Lev Shlosberg (C), attends the Yabloko party congress in Moscow, 9 December 2023. Photo: EPA-EFE / YURI KOCHETKOV
Russian opposition politician Lev Shlosberg has published a letter written by the families of those trapped inside a boarding school in Sudzha that was struck by a Russian aerial bomb on Saturday, in which they warn that a lack of specialist equipment in the Ukrainian-occupied Russian town means that rescue efforts are likely to come to nothing.

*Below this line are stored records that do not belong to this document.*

(* Assume (A). Let $H\in(1,1+\lambda)$ be the unique abscissa with $f(H)=\mu H$. Let $M>2\mu/\sigma^2$, and let $A,b>0$ satisfy $$A>\max\Big\{M+H,\ \tfrac{f(0)}{c}M+H,\ \tfrac{\sigma^2M^2}{\sigma^2M-2\mu},\ \tfrac{f(0)}{c}\cdot\tfrac{\sigma^2M^2}{\sigma^2M-2\mu}\Big\},$$ $$\tfrac1M\max\Big\{\ln\tfrac{A}{A-M},\ \ln\tfrac{A}{A-\frac{f(0)}{c}M}\Big\}<b<\tfrac1M\min\Big\{\ln\tfrac{A}{H},\ \ln\big(\tfrac{\sigma^2}{2\mu}M\big)\Big\}.$$ Define $\underline\psi(x)=1-e^{-x}$ and $\overline\psi(x)=\frac AM\big(1-e^{-M(x\wedge b)}\big)$ for $x\ge0$. Then $\underline\psi$ is a viscosity subsolution and $\overline\psi$ is a viscosity supersolution of the ODE (E) on $[0,\infty)$, and $\underline\psi\le\overline\psi$ on $[0,\infty)$.
   Context: Constants $\mu\in\mathbb R$, $\sigma>0$, $c>0$, $a>0$, $\lambda>0$; standing assumption (A): $a>\max\{1,2\mu\}$ and $\mu>\max\{c,\sigma^2/2\}$. $f(z)=\mu z+\lambda\ln\big[\lambda(e^{\frac{a}{\lambda}(1-z)}-1)/(1-z)\big]$ for $z\ne1$, $f(1)=\mu+\lambda\ln a$. The ODE (E) is $\frac12\sigma^2v''(x)+f(v'(x))-cv(x)=0$ on $[0,\infty)$ with $v(0)=0$. A function $u$ that is upper (resp. lower) semicontinuous on $[0,\infty)$ is a viscosity subsolution (resp. supersolution) of (E) if $u(0)=0$ and for every $x\in(0,\infty)$ and every $\varphi\in C^2(\mathbb R)$ with $0=(u-\varphi)(x)=\max_{y\in(0,\infty)}(u-\varphi)(y)$ (resp. $\min$), one has $\frac12\sigma^2\varphi''(x)+f(\varphi'(x))-cu(x)\ge0$ (resp. $\le0$). A viscosity solution is a continuous function that is both. *)

theory Defs
  imports "HOL-Analysis.Analysis"
begin

definition fE :: "real \<Rightarrow> real \<Rightarrow> real \<Rightarrow> real \<Rightarrow> real" where
  "fE mu lam a z =
     (if z = 1 then mu + lam * ln a
      else mu * z + lam * ln (lam * (exp (a / lam * (1 - z)) - 1) / (1 - z)))"

definition usc_on :: "real set \<Rightarrow> (real \<Rightarrow> real) \<Rightarrow> bool" where
  "usc_on S u \<longleftrightarrow> (\<forall>x\<in>S. \<forall>e>0. \<exists>d>0. \<forall>y\<in>S. \<bar>y - x\<bar> < d \<longrightarrow> u y < u x + e)"

definition lsc_on :: "real set \<Rightarrow> (real \<Rightarrow> real) \<Rightarrow> bool" where
  "lsc_on S u \<longleftrightarrow> (\<forall>x\<in>S. \<forall>e>0. \<exists>d>0. \<forall>y\<in>S. \<bar>y - x\<bar> < d \<longrightarrow> u y > u x - e)"

definition C2_with :: "(real \<Rightarrow> real) \<Rightarrow> (real \<Rightarrow> real) \<Rightarrow> (real \<Rightarrow> real) \<Rightarrow> bool" where
  "C2_with phi phi' phi'' \<longleftrightarrow>
     (\<forall>x. (phi has_real_derivative phi' x) (at x)) \<and>
     (\<forall>x. (phi' has_real_derivative phi'' x) (at x)) \<and>
     continuous_on UNIV phi''"

definition visc_subsolution :: "real \<Rightarrow> real \<Rightarrow> (real \<Rightarrow> real) \<Rightarrow> (real \<Rightarrow> real) \<Rightarrow> bool" where
  "visc_subsolution sig c F u \<longleftrightarrow>
     usc_on {0..} u \<and> u 0 = 0 \<and>
     (\<forall>x>0. \<forall>phi phi' phi''. C2_with phi phi' phi'' \<and> u x - phi x = 0 \<and>
        (\<forall>y>0. u y - phi y \<le> u x - phi x) \<longrightarrow>
        sig\<^sup>2 / 2 * phi'' x + F (phi' x) - c * u x \<ge> 0)"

The authors of the letter said that around 100 people who had lost their homes in the fighting between Russian and Ukrainian forces in the Kursk region were now trapped under the rubble of the school, and that neither the Ukrainian nor the Russian side was currently equipped to rescue them.
The situation in Sudzha had become so bad in recent days due to the intense fighting between the Armed Forces of Ukraine (AFU) and Russian troops attempting to recapture occupied areas of the Kursk region, that their relatives had given up believing they would survive, and had even been prepared “to walk to the border with white sheets just to save themselves”, their families wrote.
Accusing the authorities of ignoring the plight of those trapped under the rubble of the boarding school, the authors demanded to know what their relatives had done to deserve such treatment and said that specialist equipment and medical assistance, neither of which were currently available, would be needed in order to reach those trapped in the ruins of the school.
Shlosberg, who heads the liberal Yabloko party in the western Russian city of Pskov and has had frequent had run ins with the Russian police, called on the authorities to open a humanitarian corridor between the Ukrainian-occupied town of Sudzha and the nearby Ukrainian region of Sumy to allow civilians to reach safety easily.
At least six were killed and dozens more were injured when a Russian aerial bomb struck a boarding school in the Ukrainian-occupied city of Sudzha in Russia’s western Kursk region on Saturday evening, according to to Kursk activist Vladimir Sinelnikov.
The boarding school was being used to shelter civilians awaiting evacuation from the embattled Kursk region, many of whom were elderly and unwell, according Sinelnikov, who first reported the news of the deadly strike.